Avec sa proposition de résolution, Danielle Bousquet aimerait rassurer Kim, Cathy, et tous les autres. C'est pour leur tendre la main qu'elle propose sa résolution, avec le parlementaire UMP Guy Geoffroy. "La France est une République dans laquelle on ne doit pas pouvoir vendre son corps pour vivre. Cela me semble être contraire à la dignité humaine ", explique la députée bretonne. Elle rêve de révolutionner les mentalités. "Nous ne voulons pas pénaliser les clients comme étant un objectif premier. Les deux mois de prison et 3750 euros seraient une sanction in fine. Ce que nous voulons surtout c'est éduquer les clients, qu'ils comprennent que le corps humain n'est pas une marchandise ". Pour éduquer les clients, Danielle Bousquet imagine des stages, "sur le modèle des stages pour retrouver les points de son permis ". "Mais il est temps que la sanction change de camp" .

Seul le proxénétisme est interdit à ce jour en France. Mais depuis 2003, et la loi voulue par Nicolas Sarkozy, les prostituées payaient déjà des amendes de plus de 3000 euros, pour racolage. Danielle Bousquet propose, elle, de donner des papiers aux prostituées qui n'en ont pas, de leur offrir un apprentissage pour vivre autrement qu'en vendant leurs corps. "L'abolitionnisme de la prostitution est la seule voie digne" insiste la députée, qui cite son modèle, la Suède.
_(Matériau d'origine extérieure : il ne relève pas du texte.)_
(* Let $\rho_{AB}\in\mathcal{S}_\le(\mathcal{H}_{AB})$. Then $$I_{\max}(A:B)_\rho=H_0(A)_\rho-H_{\min}(A|B)_{\rho_{B|A}},$$ where $H_0(A)_\rho=\log\mathrm{rank}(\rho_A)$ and $\rho_{B|A}=(\rho_A\otimes\mathbb{1}_B)^{-1/2}\frac{\rho_{AB}}{\mathrm{rank}(\rho_A)}(\rho_A\otimes\mathbb{1}_B)^{-1/2}$, with generalized inverses.
   Context: Finite-dimensional Hilbert spaces; logarithms base 2. $\mathcal{S}_\le(\mathcal{H})$: positive semidefinite operators of trace $\le1$; $\mathcal{S}_=(\mathcal{H})$: trace 1. For $\rho\ge0$, the generalized inverse $\rho^{-1}$ is the inverse on the support of $\rho$ (zero on its kernel), and $\rho^{-1/2}$ likewise. $D_{\max}(\rho\|\sigma)=\inf\{\lambda\in\mathbb{R}:2^\lambda\sigma\ge\rho\}$. $H_{\min}(A|B)_\rho=-\inf_{\sigma_B\in\mathcal{S}_=(\mathcal{H}_B)}D_{\max}(\rho_{AB}\|\mathbb{1}_A\otimes\sigma_B)$. $I_{\max}(A:B)_\rho=\inf_{\sigma_B\in\mathcal{S}_=(\mathcal{H}_B)}D_{\max}(\rho_{AB}\|\rho_A\otimes\sigma_B)$. *)

theory Defs
  imports "HOL-Analysis.Analysis"
begin

text \<open>Operators on a finite-dimensional Hilbert space with orthonormal basis indexed
  by a finite type 'n are complex matrices of type complex^'n^'n.  The bipartite space
  H_AB has basis indexed by 'a \<times> 'b.\<close>

definition adj :: "complex^'n^'m \<Rightarrow> complex^'m^'n" where
  "adj A = (\<chi> i j. cnj (A $ j $ i))"

definition hermitian :: "complex^'n^'n \<Rightarrow> bool" where
  "hermitian A \<longleftrightarrow> adj A = A"

definition psd :: "complex^'n^'n \<Rightarrow> bool" where
  "psd A \<longleftrightarrow> hermitian A \<and>
     (\<forall>x :: complex^'n. 0 \<le> Re (\<Sum>i\<in>UNIV. cnj (x $ i) * (A *v x) $ i))"

definition loewner_le :: "complex^'n^'n \<Rightarrow> complex^'n^'n \<Rightarrow> bool" where
  "loewner_le A B \<longleftrightarrow> psd (B - A)"
section \<open>Dependence on a single linear form\<close>

lemma subspace_complement_coefficient:
  fixes d :: "'a::euclidean_space"
  assumes S: "subspace S" and d: "d \<notin> S" and span: "\<And>x. \<exists>c. x - c *\<^sub>R d \<in> S"
  shows "\<exists>n. n \<noteq> 0 \<and> (\<forall>x. x - (n \<bullet> x) *\<^sub>R d \<in> S)"
proof -
  obtain \<phi> where \<phi>: "\<And>i. i - \<phi> i *\<^sub>R d \<in> S" using span by metis
  define n where "n = (\<Sum>i\<in>Basis. \<phi> i *\<^sub>R i)"
  have n: "x - (n \<bullet> x) *\<^sub>R d \<in> S" for x
  proof -
    have "n \<bullet> x = (\<Sum>i\<in>Basis. (x \<bullet> i) * \<phi> i)"
      unfolding n_def by (simp add: inner_sum_left inner_commute[of x] mult.commute)
    then have "x - (n \<bullet> x) *\<^sub>R d = (\<Sum>i\<in>Basis. (x \<bullet> i) *\<^sub>R (i - \<phi> i *\<^sub>R d))"
      by (simp add: scaleR_diff_right sum_subtractf euclidean_representation scaleR_sum_left)
    also have "\<dots> \<in> S" by (intro subspace_sum[OF S] subspace_scale[OF S] \<phi>)
    finally show ?thesis .
  qed
  moreover have "n \<noteq> 0" using n[of d] d by auto
  ultimately show ?thesis by blast
qed

definition constant_on_hyperplanes :: "('a::euclidean_space \<Rightarrow> real) \<Rightarrow> 'a \<Rightarrow> bool" where
  "constant_on_hyperplanes u n \<longleftrightarrow> (\<forall>x y. n \<bullet> x = n \<bullet> y \<longrightarrow> u x = u y)"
A Stockholm, où les clients des prostituées risquent de se retrouver derrière des barreaux, la prostitution a diminué de moitié, en douze ans à peine. En Italie ou en Espagne, elle a explosé, avec quelque 500.000 travailleurs et travailleuses du sexe. Ou plutôt, des "esclaves " du sexe, pour la députée abolitionniste.